» Problem details
Each line of the records needs to come back exactly as written.

Top of Data records

lemma unif_expansion_subst_coords:
  assumes c0: "pair_pt N r s0 \<in> U"
    and pr: "\<And>i. i < N \<Longrightarrow> pr i \<in> Rot \<and> pr i 0 = r i"
    and "finite Q"
  shows "Q \<subseteq> {..<N} \<Longrightarrow> smoothN (Suc N) U h \<Longrightarrow>
         \<exists>\<delta>>0. \<exists>L. unif_expansion (\<lambda>t \<sigma>. h (pair_pt N (subst_coords pr r Q t) \<sigma>)) (ball s0 \<delta>) L"
  using \<open>finite Q\<close>
proof (induction Q arbitrary: h rule: finite_induct)
  case empty
  then show ?case using unif_expansion_std_params[OF _ c0] by simp
next
  case (insert q Q)
  have qN: "q < N" and QN: "Q \<subseteq> {..<N}" using insert.prems(1) by auto
  have pr_lim: "(pr i \<longlongrightarrow> r i) (at_right 0)" if "i < N" for i
    using Rot_tendsto[of "pr i"] pr[OF that] by auto
  define u where "u t = pr q t - r q" for t
  obtain K a where a: "a > 0" and uK: "eventually (\<lambda>t. \<bar>u t\<bar> \<le> K * t powr a) (at_right 0)"
    using Rot_powr_bound[of "pr q"] pr[OF qN] unfolding u_def by auto
  obtain n where n: "n > 0" "a * real n > 1" using ex_exponent_gt_1[OF a] by blast
  obtain \<delta>1 C where "\<delta>1 > 0" and rem: "eventually (\<lambda>t. \<forall>\<sigma>\<in>ball s0 \<delta>1.
      \<bar>h (pair_pt N (subst_coords pr r (insert q Q) t) \<sigma>) -
        (\<Sum>m<n. (partial q ^^ m) h (pair_pt N (subst_coords pr r Q t) \<sigma>) / fact m * u t ^ m)\<bar>
      \<le> C * \<bar>u t\<bar> ^ n) (at_right 0)"
    using subst_coords_taylor_remainder[OF insert.prems(2) c0 pr_lim qN insert.hyps(2) n(1)]
    unfolding u_def by blast
  have "\<exists>\<delta>>0. \<forall>m<n. \<exists>L.
      unif_expansion (\<lambda>t \<sigma>. (partial q ^^ m) h (pair_pt N (subst_coords pr r Q t) \<sigma>)) (ball s0 \<delta>) L"
  proof (rule common_radius)
    show "\<forall>m<n. \<exists>\<delta>>0. \<exists>L.
        unif_expansion (\<lambda>t \<sigma>. (partial q ^^ m) h (pair_pt N (subst_coords pr r Q t) \<sigma>)) (ball s0 \<delta>) L"
      using insert.IH[OF QN smoothN_partial_iter[OF insert.prems(2)]] qN by simp
  qed (meson unif_expansion_subset subset_ball)
  then obtain \<delta> L where "\<delta> > 0" and L: "\<And>m. m < n \<Longrightarrow>
      unif_expansion (\<lambda>t \<sigma>. (partial q ^^ m) h (pair_pt N (subst_coords pr r Q t) \<sigma>)) (ball s0 \<delta>) (L m)"
    by metis
  define \<delta>' where "\<delta>' = min (\<delta> / 2) \<delta>1"
  have \<delta>': "\<delta>' > 0" "ball s0 \<delta>' \<subseteq> cball s0 (\<delta> / 2)" "cball s0 (\<delta> / 2) \<subseteq> ball s0 \<delta>"
    using \<open>\<delta> > 0\<close> \<open>\<delta>1 > 0\<close> by (auto simp: \<delta>'_def)
  from rem uK eventually_at_right_0_pos
  have "eventually (\<lambda>t. \<forall>\<sigma>\<in>ball s0 \<delta>'. \<bar>h (pair_pt N (subst_coords pr r (insert q Q) t) \<sigma>) -
      (\<Sum>m<n. (partial q ^^ m) h (pair_pt N (subst_coords pr r Q t) \<sigma>) / fact m * u t ^ m)\<bar>
      \<le> (\<bar>C\<bar> * K ^ n) * t powr (a * real n)) (at_right 0)"
  proof eventually_elim
    case (elim t)
    have "C * \<bar>u t\<bar> ^ n \<le> \<bar>C\<bar> * (K ^ n * t powr (a * real n))"
      using powr_pow_le[OF elim(2,3)] by (intro mult_mono) auto
    then show ?case using elim(1) by (force simp: \<delta>'_def)
  qed
  moreover have "eventually (\<lambda>t. \<bar>u t\<bar> \<le> 1) (at_right 0)"
    using tendstoD[OF pr_lim[OF qN] zero_less_one]
      by eventually_elim (simp add: u_def dist_real_def)
  moreover have "powsum_approx u"
    unfolding u_def by (intro powsum_approx_diff Rot_powsum_approx powsum_approx_const) (use pr qN in blast)
  ultimately have "\<exists>L. unif_expansion (\<lambda>t \<sigma>. h (pair_pt N (subst_coords pr r (insert q Q) t) \<sigma>)) (ball s0 \<delta>') L"
    by (intro unif_expansion_taylor_sum[OF L _ \<delta>'(2,3) _ _ n(2)]) auto
  then show ?case using \<delta>'(1) by blast
qed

Bottom of Data records

» Exercise solution
lemma unif_expansion_subst_coords:
  assumes c0: "pair_pt N r s0 \<in> U"
    and pr: "\<And>i. i < N \<Longrightarrow> pr i \<in> Rot \<and> pr i 0 = r i"
    and "finite Q"
  shows "Q \<subseteq> {..<N} \<Longrightarrow> smoothN (Suc N) U h \<Longrightarrow>
         \<exists>\<delta>>0. \<exists>L. unif_expansion (\<lambda>t \<sigma>. h (pair_pt N (subst_coords pr r Q t) \<sigma>)) (ball s0 \<delta>) L"
  using \<open>finite Q\<close>
proof (induction Q arbitrary: h rule: finite_induct)
  case empty
  then show ?case using unif_expansion_std_params[OF _ c0] by simp
next
  case (insert q Q)
  have qN: "q < N" and QN: "Q \<subseteq> {..<N}" using insert.prems(1) by auto
  have pr_lim: "(pr i \<longlongrightarrow> r i) (at_right 0)" if "i < N" for i
    using Rot_tendsto[of "pr i"] pr[OF that] by auto
  define u where "u t = pr q t - r q" for t
  obtain K a where a: "a > 0" and uK: "eventually (\<lambda>t. \<bar>u t\<bar> \<le> K * t powr a) (at_right 0)"
    using Rot_powr_bound[of "pr q"] pr[OF qN] unfolding u_def by auto
  obtain n where n: "n > 0" "a * real n > 1" using ex_exponent_gt_1[OF a] by blast
  obtain \<delta>1 C where "\<delta>1 > 0" and rem: "eventually (\<lambda>t. \<forall>\<sigma>\<in>ball s0 \<delta>1.
      \<bar>h (pair_pt N (subst_coords pr r (insert q Q) t) \<sigma>) -
        (\<Sum>m<n. (partial q ^^ m) h (pair_pt N (subst_coords pr r Q t) \<sigma>) / fact m * u t ^ m)\<bar>
      \<le> C * \<bar>u t\<bar> ^ n) (at_right 0)"
    using subst_coords_taylor_remainder[OF insert.prems(2) c0 pr_lim qN insert.hyps(2) n(1)]
    unfolding u_def by blast
  have "\<exists>\<delta>>0. \<forall>m<n. \<exists>L.
      unif_expansion (\<lambda>t \<sigma>. (partial q ^^ m) h (pair_pt N (subst_coords pr r Q t) \<sigma>)) (ball s0 \<delta>) L"
  proof (rule common_radius)
    show "\<forall>m<n. \<exists>\<delta>>0. \<exists>L.
        unif_expansion (\<lambda>t \<sigma>. (partial q ^^ m) h (pair_pt N (subst_coords pr r Q t) \<sigma>)) (ball s0 \<delta>) L"
      using insert.IH[OF QN smoothN_partial_iter[OF insert.prems(2)]] qN by simp
  qed (meson unif_expansion_subset subset_ball)
  then obtain \<delta> L where "\<delta> > 0" and L: "\<And>m. m < n \<Longrightarrow>
      unif_expansion (\<lambda>t \<sigma>. (partial q ^^ m) h (pair_pt N (subst_coords pr r Q t) \<sigma>)) (ball s0 \<delta>) (L m)"
    by metis
  define \<delta>' where "\<delta>' = min (\<delta> / 2) \<delta>1"
  have \<delta>': "\<delta>' > 0" "ball s0 \<delta>' \<subseteq> cball s0 (\<delta> / 2)" "cball s0 (\<delta> / 2) \<subseteq> ball s0 \<delta>"
    using \<open>\<delta> > 0\<close> \<open>\<delta>1 > 0\<close> by (auto simp: \<delta>'_def)
  from rem uK eventually_at_right_0_pos
  have "eventually (\<lambda>t. \<forall>\<sigma>\<in>ball s0 \<delta>'. \<bar>h (pair_pt N (subst_coords pr r (insert q Q) t) \<sigma>) -
      (\<Sum>m<n. (partial q ^^ m) h (pair_pt N (subst_coords pr r Q t) \<sigma>) / fact m * u t ^ m)\<bar>
      \<le> (\<bar>C\<bar> * K ^ n) * t powr (a * real n)) (at_right 0)"
  proof eventually_elim
    case (elim t)
    have "C * \<bar>u t\<bar> ^ n \<le> \<bar>C\<bar> * (K ^ n * t powr (a * real n))"
      using powr_pow_le[OF elim(2,3)] by (intro mult_mono) auto
    then show ?case using elim(1) by (force simp: \<delta>'_def)
  qed
  moreover have "eventually (\<lambda>t. \<bar>u t\<bar> \<le> 1) (at_right 0)"
    using tendstoD[OF pr_lim[OF qN] zero_less_one]
      by eventually_elim (simp add: u_def dist_real_def)
  moreover have "powsum_approx u"
    unfolding u_def by (intro powsum_approx_diff Rot_powsum_approx powsum_approx_const) (use pr qN in blast)
  ultimately have "\<exists>L. unif_expansion (\<lambda>t \<sigma>. h (pair_pt N (subst_coords pr r (insert q Q) t) \<sigma>)) (ball s0 \<delta>') L"
    by (intro unif_expansion_taylor_sum[OF L _ \<delta>'(2,3) _ _ n(2)]) auto
  then show ?case using \<delta>'(1) by blast
qed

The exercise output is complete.